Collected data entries
****************************************
(* Assume CH. There exists a set $A\subseteq\mathbb{R}^2$ such that for every $y\in\mathbb{R}$ the horizontal slice $A^y=\{x:(x,y)\in A\}$ is a strong Luzin set, for every $x\in\mathbb{R}$ the vertical slice $A_x=\{y:(x,y)\in A\}$ is a strong Sierpiński set, and $A$ is both completely $\mathcal{M}$-nonmeasurable and completely $\mathcal{N}$-nonmeasurable in $\mathbb{R}^2$.
   Context: $\mathcal{M}$ and $\mathcal{N}$ denote the $\sigma$-ideals of meager and Lebesgue-null sets (on $\mathbb{R}$ or $\mathbb{R}^2$). A Luzin set is a set $L\subseteq\mathbb{R}$ with $|L|=\mathfrak{c}$ such that $L\cap M$ is countable for every meager $M$; it is strong Luzin if moreover $L\cap B$ is uncountable for every non-meager Borel $B$. A Sierpiński set is $S\subseteq\mathbb{R}$ with $|S|=\mathfrak{c}$ and $S\cap N$ countable for every null $N$; strong Sierpiński if moreover $S\cap B$ is uncountable for every Borel $B$ of positive measure. A set $A\subseteq\mathbb{R}^2$ is completely $\mathcal{I}$-nonmeasurable if $A$ meets every Borel set $B\notin\mathcal{I}$ and contains no Borel set $B\notin\mathcal{I}$. *)

theory Defs
  imports "HOL-Analysis.Analysis" "HOL-Library.Equipollence"
begin

definition nowhere_dense :: "'a::topological_space set \<Rightarrow> bool" where
  "nowhere_dense S \<longleftrightarrow> interior (closure S) = {}"

definition meager :: "'a::topological_space set \<Rightarrow> bool" where
  "meager M \<longleftrightarrow> (\<exists>F. countable F \<and> (\<forall>N\<in>F. nowhere_dense N) \<and> M \<subseteq> \<Union>F)"

definition lnull :: "'a::euclidean_space set \<Rightarrow> bool" where
  "lnull N \<longleftrightarrow> N \<in> null_sets lebesgue"

definition CH :: bool where
  "CH \<longleftrightarrow> (\<forall>X::real set. uncountable X \<longrightarrow> X \<approx> (UNIV::real set))"

definition luzin_set :: "real set \<Rightarrow> bool" where
  "luzin_set L \<longleftrightarrow> L \<approx> (UNIV::real set) \<and> (\<forall>M. meager M \<longrightarrow> countable (L \<inter> M))"

definition strong_luzin_set :: "real set \<Rightarrow> bool" where
  "strong_luzin_set L \<longleftrightarrow> luzin_set L \<and>
     (\<forall>B \<in> sets borel. \<not> meager B \<longrightarrow> uncountable (L \<inter> B))"

definition sierpinski_set :: "real set \<Rightarrow> bool" where
  "sierpinski_set S \<longleftrightarrow> S \<approx> (UNIV::real set) \<and> (\<forall>N. lnull N \<longrightarrow> countable (S \<inter> N))"

definition strong_sierpinski_set :: "real set \<Rightarrow> bool" where
  "strong_sierpinski_set S \<longleftrightarrow> sierpinski_set S \<and>
     (\<forall>B \<in> sets borel. \<not> lnull B \<longrightarrow> uncountable (S \<inter> B))"

definition completely_nonmeasurable :: "('a::topological_space set \<Rightarrow> bool) \<Rightarrow> 'a set \<Rightarrow> bool" where
  "completely_nonmeasurable I A \<longleftrightarrow>
     (\<forall>B \<in> sets borel. \<not> I B \<longrightarrow> A \<inter> B \<noteq> {} \<and> \<not> B \<subseteq> A)"

end

theory Submission
  imports Defs
begin

text \<open>Under CH, well-order \<open>\<real>\<close> so that all initial segments are countable and index the
  \<open>G\<^sub>\<delta>\<close> subsets of \<open>\<real>\<close> by reals. At stage \<open>a\<close>, for each of the two ideals \<open>I\<close> (meager,
  null) the \<open>I\<close>-small coded sets with code below \<open>a\<close> have an \<open>I\<close>-small union; from every
  \<open>I\<close>-positive coded set with code below \<open>a\<close> pick a point outside it. The meager-stage points
  are put on all horizontal lines of height below \<open>a\<close>, the null-stage points on all vertical
  lines below \<open>a\<close>. A meager set is covered at some stage, so it meets a horizontal line only
  in points of the countably many earlier stages; a non-meager Borel set contains a non-meager
  coded set and so receives points from uncountably many stages. Thus horizontal slices are
  strong Luzin and, symmetrically, vertical slices strong Sierpinski sets.

  For complete nonmeasurability, Kuratowski--Ulam (resp. Fubini) gives a non-meager (non-null)
  slice of a non-meager (non-null) Borel set \<open>B\<close> in either direction. The strong slice of \<open>A\<close>
  meets it, and \<open>B \<subseteq> A\<close> is impossible because the transverse slices of \<open>A\<close> are
  Sierpinski (Luzin) sets, hence meager (null).\<close>

section \<open>Meager sets\<close>

lemma meager_subset: "meager M \<Longrightarrow> N \<subseteq> M \<Longrightarrow> meager N"
  unfolding meager_def using subset_trans by metis

lemma nowhere_dense_imp_meager: "nowhere_dense N \<Longrightarrow> meager N"
  unfolding meager_def by (rule exI[of _ "{N}"]) auto

lemma meager_Union:
  assumes "countable \<M>" "\<And>M. M \<in> \<M> \<Longrightarrow> meager M"
  shows "meager (\<Union>\<M>)"
proof -
  obtain F where F: "\<And>M. M \<in> \<M> \<Longrightarrow> countable (F M) \<and> (\<forall>N\<in>F M. nowhere_dense N) \<and> M \<subseteq> \<Union>(F M)"
    using assms(2) unfolding meager_def by metis
  have "countable (\<Union>M\<in>\<M>. F M)"
    using assms(1) F by (intro countable_UN) auto
  moreover have "\<forall>N\<in>(\<Union>M\<in>\<M>. F M). nowhere_dense N"
    using F by auto
  moreover have "\<Union>\<M> \<subseteq> \<Union>(\<Union>M\<in>\<M>. F M)"
  proof
    fix x assume "x \<in> \<Union>\<M>"
    then obtain M where M: "M \<in> \<M>" "x \<in> M" by blast
    then obtain N where "N \<in> F M" "x \<in> N" using F by blast
    then show "x \<in> \<Union>(\<Union>M\<in>\<M>. F M)" using M(1) by blast
  qed
  ultimately show ?thesis
    unfolding meager_def by blast
qed

lemma meager_UN: "countable I \<Longrightarrow> (\<And>i. i \<in> I \<Longrightarrow> meager (M i)) \<Longrightarrow> meager (\<Union>i\<in>I. M i)"
  by (rule meager_Union) auto

lemma meager_Un: "meager A \<Longrightarrow> meager B \<Longrightarrow> meager (A \<union> B)"
  using meager_Union[of "{A, B}"] by auto

lemma meager_countable:
  fixes S :: "'a::{t1_space,perfect_space} set"
  assumes "countable S" shows "meager S"
proof -
  have "meager (\<Union>x\<in>S. {x})"
    using assms by (intro meager_UN nowhere_dense_imp_meager) (auto simp: nowhere_dense_def)
  then show ?thesis by simp
qed

lemma meager_closed_cover:
  assumes "meager M"
  obtains F where "countable F" "\<And>N. N \<in> F \<Longrightarrow> closed N \<and> nowhere_dense N" "M \<subseteq> \<Union>F"
proof -
  obtain F where "countable F" "\<forall>N\<in>F. nowhere_dense N" "M \<subseteq> \<Union>F"
    using assms unfolding meager_def by blast
  then show ?thesis
    using closure_subset by (intro that[of "closure ` F"]) (auto simp: nowhere_dense_def, blast)
qed

lemma open_not_meager:
  fixes U :: "'a::complete_space set"
  assumes "open U" "U \<noteq> {}" shows "\<not> meager U"
proof
  assume "meager U"
  then obtain F where F: "countable F" "\<And>N. N \<in> F \<Longrightarrow> closed N \<and> nowhere_dense N" "U \<subseteq> \<Union>F"
    using meager_closed_cover by blast
  have "closedin euclidean T \<and> euclidean interior_of T = {}" if "T \<in> F" for T
    using F(2)[OF that] unfolding nowhere_dense_def by (auto simp: closure_closed)
  then have "euclidean interior_of \<Union>F = {}"
    using completely_metrizable_space_euclidean F(1) by (intro Baire_category_alt) auto
  then have "interior (\<Union>F) = {}"
    by simp
  moreover have "U \<subseteq> interior (\<Union>F)"
    using F(3) assms(1) by (rule interior_maximal)
  ultimately show False
    using assms(2) by blast
qed

lemma nowhere_dense_closed_Diff_interior:
  assumes "closed C" shows "nowhere_dense (C - interior C)"
proof -
  have "interior (C - interior C) \<subseteq> interior C \<inter> (C - interior C)"
    using interior_mono interior_subset by blast
  then show ?thesis
    unfolding nowhere_dense_def using assms by (simp add: closed_Diff closure_closed)
qed

lemma borel_Baire_property:
  fixes B :: "'a::topological_space set"
  assumes "B \<in> sets borel"
  shows "\<exists>U. open U \<and> meager (sym_diff B U)"
proof -
  have "B \<in> sigma_sets UNIV {S. open S}" using assms by (simp add: sets_borel)
  then show ?thesis
  proof (induction rule: sigma_sets.induct)
    case (Basic a) then show ?case
      by (intro exI[of _ a]) (auto simp: meager_def)
  next
    case Empty then show ?case
      by (intro exI[of _ "{}"]) (auto simp: meager_def)
  next
    case (Compl a)
    then obtain U where U: "open U" "meager (sym_diff a U)" by blast
    let ?V = "interior (- U)"
    have "sym_diff (UNIV - a) ?V \<subseteq> sym_diff a U \<union> (- U - ?V)"
      using interior_subset by blast
    moreover have "meager (- U - ?V)"
      using U(1) by (intro nowhere_dense_imp_meager nowhere_dense_closed_Diff_interior) auto
    ultimately show ?case
      using U by (intro exI[of _ ?V]) (auto intro: meager_subset meager_Un)
  next
    case (Union a)
    then obtain U where U: "\<And>i. open (U i) \<and> meager (sym_diff (a i) (U i))" by metis
    have "sym_diff (\<Union>i. a i) (\<Union>i. U i) \<subseteq> (\<Union>i. sym_diff (a i) (U i))"
      by blast
    moreover have "meager (\<Union>i. sym_diff (a i) (U i))"
      using U by (intro meager_UN) auto
    ultimately show ?case
      using U by (intro exI[of _ "\<Union>i. U i"]) (auto intro: meager_subset)
  qed
qed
****************************************
→ Task to complete:
Which lines in the records above contain the word "unfolding"? Copy each one.

→ Answer box:
  unfolding meager_def using subset_trans by metis
  unfolding meager_def by (rule exI[of _ "{N}"]) auto
    using assms(2) unfolding meager_def by metis
    unfolding meager_def by blast
    using assms unfolding meager_def by blast
    using F(2)[OF that] unfolding nowhere_dense_def by (auto simp: closure_closed)
    unfolding nowhere_dense_def using assms by (simp add: closed_Diff closure_closed)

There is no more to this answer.